▶ _WHAT THE EXERCISE ASKS_
Every line in the records below with the string "factors" is to be copied out.

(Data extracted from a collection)
(* Let $i\geq1$ and $j\ge0$. The map $\varphi_i$ carries $M_i(j)$ isomorphically onto $N_{i-1}(\lfloor j/p\rfloor)$.
   Context: Let $p$ be an odd prime. In the mod $p$ dual Steenrod algebra let $\zeta_n,\overline{\tau}_n$ be the conjugates of Milnor's $\xi_n,\tau_n$ ($\zeta_0=1$). For $n\ge0$ let $(A/\!/E(n))_*=\mathbb{F}_p[\zeta_1,\zeta_2,\ldots]\otimes E(\overline{\tau}_{n+1},\overline{\tau}_{n+2},\ldots)$, a comodule over $E(n)_*=E(\overline{\tau}_0,\ldots,\overline{\tau}_n)$. Weight: $\mathrm{wt}(\zeta_k)=\mathrm{wt}(\overline{\tau}_k)=p^k$, additive on products of monomials. $M_i(j)$ is the span of the monomials of $(A/\!/E(i))_*$ of weight exactly $pj$; $N_{i-1}(m)$ is the span of the monomials of $(A/\!/E(i-1))_*$ of weight $\le pm$. $\varphi_i\colon(A/\!/E(i))_*\to(A/\!/E(i-1))_*$ is the algebra map with $\zeta_k\mapsto\zeta_{k-1}$ ($k\ge1$) and $\overline{\tau}_j\mapsto\overline{\tau}_{j-1}$ ($j\ge i+1$); it is a map of ungraded $E(i)_*$-comodules. *)

theory Defs
  imports Main "HOL-Computational_Algebra.Primes"
begin

text \<open>A monomial of the dual Steenrod algebra is encoded as a pair (a, S):
  a k is the exponent of zeta_k (k \<ge> 1; a 0 = 0 since zeta_0 = 1),
  S is the finite set of indices s of the factors taubar_s (in increasing order).\<close>

type_synonym monom = "(nat \<Rightarrow> nat) \<times> nat set"

text \<open>Monomials of (A//E(n))_*: finitely many zeta's, taubar_s only for s \<ge> n+1.\<close>
definition monoms :: "nat \<Rightarrow> monom set" where
  "monoms n = {(a, S). a 0 = 0 \<and> finite {k. a k \<noteq> 0} \<and> finite S \<and> (\<forall>s\<in>S. n < s)}"

definition wt :: "nat \<Rightarrow> monom \<Rightarrow> nat" where
  "wt p m = (\<Sum>k\<in>{k. fst m k \<noteq> 0}. fst m k * p ^ k) + (\<Sum>s\<in>snd m. p ^ s)"

definition AE :: "nat \<Rightarrow> (monom \<Rightarrow> 'a::field) set" where
  "AE n = {v. finite {m. v m \<noteq> 0} \<and> (\<forall>m. v m \<noteq> 0 \<longrightarrow> m \<in> monoms n)}"

definition Msp :: "nat \<Rightarrow> nat \<Rightarrow> nat \<Rightarrow> (monom \<Rightarrow> 'a::field) set" where
  "Msp p i j = {v \<in> AE i. \<forall>m. v m \<noteq> 0 \<longrightarrow> wt p m = p * j}"

text \<open>N_{i-1}(m): span of monomials of (A//E(i-1))_* of weight at most p*m (argument n = i-1).\<close>
definition Nsp :: "nat \<Rightarrow> nat \<Rightarrow> nat \<Rightarrow> (monom \<Rightarrow> 'a::field) set" where
  "Nsp p n mm = {v \<in> AE n. \<forall>m. v m \<noteq> 0 \<longrightarrow> wt p m \<le> p * mm}"

text \<open>Effect of phi on monomials: zeta_k \<mapsto> zeta_{k-1} (zeta_0 = 1), taubar_s \<mapsto> taubar_{s-1}.
  Since the shift preserves the order of the taubar factors, no signs arise.\<close>
definition phi_mono :: "monom \<Rightarrow> monom" where
  "phi_mono m = ((\<lambda>k. if k = 0 then 0 else fst m (Suc k)), (\<lambda>s. s - 1) ` snd m)"

definition phi :: "(monom \<Rightarrow> 'a::field) \<Rightarrow> (monom \<Rightarrow> 'a)" where
  "phi v = (\<lambda>m'. \<Sum>m\<in>{m. v m \<noteq> 0 \<and> phi_mono m = m'}. v m)"

end

theory Submission
  imports Defs
begin

(* Every generator of (A//E(n))_* has index at least 1, so a monomial m with zeta_1-exponent a_1
   has weight wt m = p (a_1 + wt (phi_i m)): phi_i forgets zeta_1 and lowers every other index by one.
   Hence a monomial of weight p j in (A//E(i))_* goes to one of weight j - a_1 <= j, which, being
   itself divisible by p, is at most p floor(j/p); conversely a_1 = j - wt m' recovers the unique
   preimage of m'. So phi_i restricts to a bijection between the monomial bases of M_i(j) and
   N_{i-1}(floor(j/p)), and phi_i is the linear extension of that bijection. *)

definition pushforward :: "('b \<Rightarrow> 'c) \<Rightarrow> ('b \<Rightarrow> 'a::comm_monoid_add) \<Rightarrow> 'c \<Rightarrow> 'a" where
  "pushforward f v = (\<lambda>y. \<Sum>x\<in>{x. v x \<noteq> 0 \<and> f x = y}. v x)"

definition finsupp_on :: "'b set \<Rightarrow> ('b \<Rightarrow> 'a::zero) set" where
  "finsupp_on D = {v. finite {x. v x \<noteq> 0} \<and> {x. v x \<noteq> 0} \<subseteq> D}"

lemma pushforward_inj_on:
  assumes "inj_on f D" and "{x. v x \<noteq> 0} \<subseteq> D"
  shows "pushforward f v y = (if y \<in> f ` D then v (inv_into D f y) else 0)"
proof (cases "y \<in> f ` D")
  case True
  then obtain x where x: "x \<in> D" "y = f x" by blast
  then have "{x'. v x' \<noteq> 0 \<and> f x' = y} = (if v x = 0 then {} else {x})"
    using assms by (auto simp: inj_on_def)
  then show ?thesis
    using x assms(1) by (simp add: pushforward_def)
next
  case False
  then have "{x. v x \<noteq> 0 \<and> f x = y} = {}"
    using assms(2) by blast
  then show ?thesis
    using False by (simp only: pushforward_def if_False sum.empty)
qed

lemma bij_betw_pushforward:
  fixes f :: "'b \<Rightarrow> 'c"
  assumes "bij_betw f D E"
  shows "bij_betw (pushforward f) (finsupp_on D) (finsupp_on E :: ('c \<Rightarrow> 'a::comm_monoid_add) set)"
proof -
  have inj: "inj_on f D" and E: "f ` D = E"
    using assms by (auto simp: bij_betw_def)
  have push: "pushforward f v = (\<lambda>y. if y \<in> E then v (inv_into D f y) else 0)"
    if "v \<in> finsupp_on D" for v :: "'b \<Rightarrow> 'a"
    using that pushforward_inj_on[OF inj] E by (auto simp: finsupp_on_def)
  define g :: "('c \<Rightarrow> 'a) \<Rightarrow> 'b \<Rightarrow> 'a" where "g w = (\<lambda>x. if x \<in> D then w (f x) else 0)" for w
  have g: "g w \<in> finsupp_on D" if "w \<in> finsupp_on E" for w
  proof -
    have "{x. g w x \<noteq> 0} = f -` {y. w y \<noteq> 0} \<inter> D"
      by (auto simp: g_def)
    then show ?thesis
      using that finite_vimage_IntI[OF _ inj, of "{y. w y \<noteq> 0}"] by (simp add: finsupp_on_def)
  qed
  have push_finsupp: "pushforward f v \<in> finsupp_on E" if v: "v \<in> finsupp_on D" for v :: "'b \<Rightarrow> 'a"
  proof -
    have "{y. pushforward f v y \<noteq> 0} \<subseteq> f ` {x. v x \<noteq> 0}"
    proof
      fix y assume "y \<in> {y. pushforward f v y \<noteq> 0}"
      then have "y \<in> E" and "v (inv_into D f y) \<noteq> 0"
        by (auto simp: push[OF v] split: if_splits)
      then show "y \<in> f ` {x. v x \<noteq> 0}"
        using E f_inv_into_f[of y f D] by (metis (mono_tags) image_eqI mem_Collect_eq)
    qed
    then show ?thesis
      using v finite_subset by (auto simp: finsupp_on_def push[OF v] split: if_splits)
  qed
  have g_push: "g (pushforward f v) = v" if "v \<in> finsupp_on D" for v :: "'b \<Rightarrow> 'a"
    using that inj by (auto simp: push g_def finsupp_on_def E[symmetric] fun_eq_iff)
  have push_g: "pushforward f (g w) = w" if "w \<in> finsupp_on E" for w :: "'c \<Rightarrow> 'a"
    using that g[OF that] by (auto simp: push g_def finsupp_on_def E[symmetric] f_inv_into_f inv_into_into fun_eq_iff)
  show ?thesis
    by (rule bij_betw_byWitness[where f' = g]) (use g_push push_g push_finsupp g in blast)+
qed

lemma pushforward_add:
  assumes "inj_on f D" and "{x. u x \<noteq> 0} \<subseteq> D" and "{x. v x \<noteq> 0} \<subseteq> D"
  shows "pushforward f (\<lambda>x. u x + v x) = (\<lambda>y. pushforward f u y + pushforward f v y)"
proof -
  have "{x. u x + v x \<noteq> 0} \<subseteq> {x. u x \<noteq> 0} \<union> {x. v x \<noteq> 0}"
    by auto
  then have sum_supp: "{x. u x + v x \<noteq> 0} \<subseteq> D"
    using assms(2,3) by blast
  show ?thesis
    unfolding pushforward_inj_on[OF assms(1) sum_supp] pushforward_inj_on[OF assms(1,2)]
      pushforward_inj_on[OF assms(1,3)]
    by (simp add: fun_eq_iff)
qed

lemma pushforward_scale:
  fixes v :: "'b \<Rightarrow> 'a::semiring_0"
  assumes "inj_on f D" and "{x. v x \<noteq> 0} \<subseteq> D"
  shows "pushforward f (\<lambda>x. c * v x) = (\<lambda>y. c * pushforward f v y)"
proof -
  have scaled_supp: "{x. c * v x \<noteq> 0} \<subseteq> D"
    using assms(2) by auto
  show ?thesis
    unfolding pushforward_inj_on[OF assms(1) scaled_supp] pushforward_inj_on[OF assms]
    by (simp add: fun_eq_iff)
qed

lemma phi_eq_pushforward: "phi = pushforward phi_mono"
  by (simp add: fun_eq_iff phi_def pushforward_def)

lemma weight_sum_shift:
  fixes a :: "nat \<Rightarrow> nat"
  assumes "a 0 = 0" and "finite {k. a k \<noteq> 0}"
  defines "b \<equiv> \<lambda>k. if k = 0 then 0 else a (Suc k)"
  shows "(\<Sum>k | a k \<noteq> 0. a k * p ^ k) = a 1 * p + p * (\<Sum>k | b k \<noteq> 0. b k * p ^ k)"
proof -
  have sum_below: "(\<Sum>k | c k \<noteq> 0. c k * p ^ k) = (\<Sum>k<N. c k * p ^ k)"
    if "{k. c k \<noteq> 0} \<subseteq> {..<N}" for c :: "nat \<Rightarrow> nat" and N
    by (rule sum.mono_neutral_left) (use that in auto)
  obtain N where N: "{k. a k \<noteq> 0} \<subseteq> {..<N}"
    using assms(2) finite_nat_set_iff_bounded by auto
  have "(\<Sum>k | a k \<noteq> 0. a k * p ^ k) = (\<Sum>k<Suc (Suc N). a k * p ^ k)"
    using N by (intro sum_below) auto
  also have "\<dots> = a 1 * p + p * (\<Sum>k<N. a (Suc (Suc k)) * p ^ Suc k)"
    by (simp only: sum.lessThan_Suc_shift) (simp add: assms(1) sum_distrib_left ac_simps)
  also have "(\<Sum>k<N. a (Suc (Suc k)) * p ^ Suc k) = (\<Sum>k<Suc N. b k * p ^ k)"
    by (simp only: sum.lessThan_Suc_shift) (simp add: b_def)
  also have "\<dots> = (\<Sum>k | b k \<noteq> 0. b k * p ^ k)"
    using N by (intro sum_below[symmetric]) (auto simp: b_def)
  finally show ?thesis .
qed

lemma Suc_image_pred:
  assumes "0 \<notin> S"
  shows "Suc ` (\<lambda>s. s - 1) ` S = S"
proof -
  have "Suc (s - 1) = s" if "s \<in> S" for s
    using assms that by (cases s) auto
  then show ?thesis
    by (simp add: image_image cong: image_cong)
qed

lemma wt_phi_mono:
  assumes "m \<in> monoms n"
  shows "wt p m = p * (fst m 1 + wt p (phi_mono m))"
proof -
  obtain a S where m: "m = (a, S)" by (cases m)
  have a: "a 0 = 0" "finite {k. a k \<noteq> 0}" and S: "0 \<notin> S"
    using assms m by (auto simp: monoms_def)
  have "(\<Sum>s\<in>S. p ^ s) = (\<Sum>s\<in>Suc ` (\<lambda>s. s - 1) ` S. p ^ s)"
    using Suc_image_pred[OF S] by simp
  also have "\<dots> = p * (\<Sum>s\<in>(\<lambda>s. s - 1) ` S. p ^ s)"
    by (simp add: sum.reindex sum_distrib_left)
  finally have "(\<Sum>s\<in>S. p ^ s) = p * (\<Sum>s\<in>(\<lambda>s. s - 1) ` S. p ^ s)" .
  then show ?thesis
    using weight_sum_shift[OF a, of p] m by (simp add: wt_def phi_mono_def algebra_simps)
qed

lemma p_dvd_wt:
  assumes "m \<in> monoms n"
  shows "p dvd wt p m"
  using wt_phi_mono[OF assms] by simp

lemma phi_mono_monoms:
  assumes "m \<in> monoms (Suc n)"
  shows "phi_mono m \<in> monoms n"
proof -
  obtain a S where m: "m = (a, S)" by (cases m)
  have "{k. (if k = 0 then 0 else a (Suc k)) \<noteq> 0} \<subseteq> (\<lambda>k. k - 1) ` {k. a k \<noteq> 0}"
    by (auto split: if_splits intro!: image_eqI[where x = "Suc _"])
  moreover have "finite {k. a k \<noteq> 0}"
    using assms m by (auto simp: monoms_def)
  ultimately have "finite {k. (if k = 0 then 0 else a (Suc k)) \<noteq> 0}"
    using finite_subset by blast
  then show ?thesis
    using assms m unfolding monoms_def phi_mono_def
    by (simp only: mem_Collect_eq case_prod_conv fst_conv snd_conv) auto
qed

definition lift_mono :: "nat \<Rightarrow> monom \<Rightarrow> monom" where
  "lift_mono c m = ((\<lambda>k. if k = 0 then 0 else if k = 1 then c else fst m (k - 1)), Suc ` snd m)"

lemma lift_mono_monoms:
  assumes "m \<in> monoms n"
  shows "lift_mono c m \<in> monoms (Suc n)"
proof -
  obtain a S where m: "m = (a, S)" by (cases m)
  have "{k. (if k = 0 then 0 else if k = 1 then c else a (k - 1)) \<noteq> 0}
      \<subseteq> insert 1 (Suc ` {k. a k \<noteq> 0})"
    by (auto split: if_splits intro!: image_eqI[where x = "_ - 1"])
  moreover have "finite {k. a k \<noteq> 0}"
    using assms m by (auto simp: monoms_def)
  ultimately have "finite {k. (if k = 0 then 0 else if k = 1 then c else a (k - 1)) \<noteq> 0}"
    using finite_subset by blast
  then show ?thesis
    using assms m unfolding monoms_def lift_mono_def
    by (simp only: mem_Collect_eq case_prod_conv fst_conv snd_conv) auto
qed

lemma phi_mono_lift_mono:
  assumes "fst m 0 = 0"
  shows "phi_mono (lift_mono c m) = m"
  using assms by (cases m) (auto simp: phi_mono_def lift_mono_def image_image)

lemma lift_mono_phi_mono:
  assumes "m \<in> monoms n"
  shows "lift_mono (fst m 1) (phi_mono m) = m"
proof -
  obtain a S where m: "m = (a, S)" by (cases m)
  have "a 0 = 0" and "0 \<notin> S"
    using assms m by (auto simp: monoms_def)
  moreover from \<open>0 \<notin> S\<close> have "Suc ` (\<lambda>s. s - 1) ` S = S"
    by (rule Suc_image_pred)
  ultimately show ?thesis
    using m by (auto simp: lift_mono_def phi_mono_def fun_eq_iff nat.case_eq_if split: nat.split)
qed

▶ _ANSWER AREA_
  S is the finite set of indices s of the factors taubar_s (in increasing order).\<close>
  Since the shift preserves the order of the taubar factors, no signs arise.\<close>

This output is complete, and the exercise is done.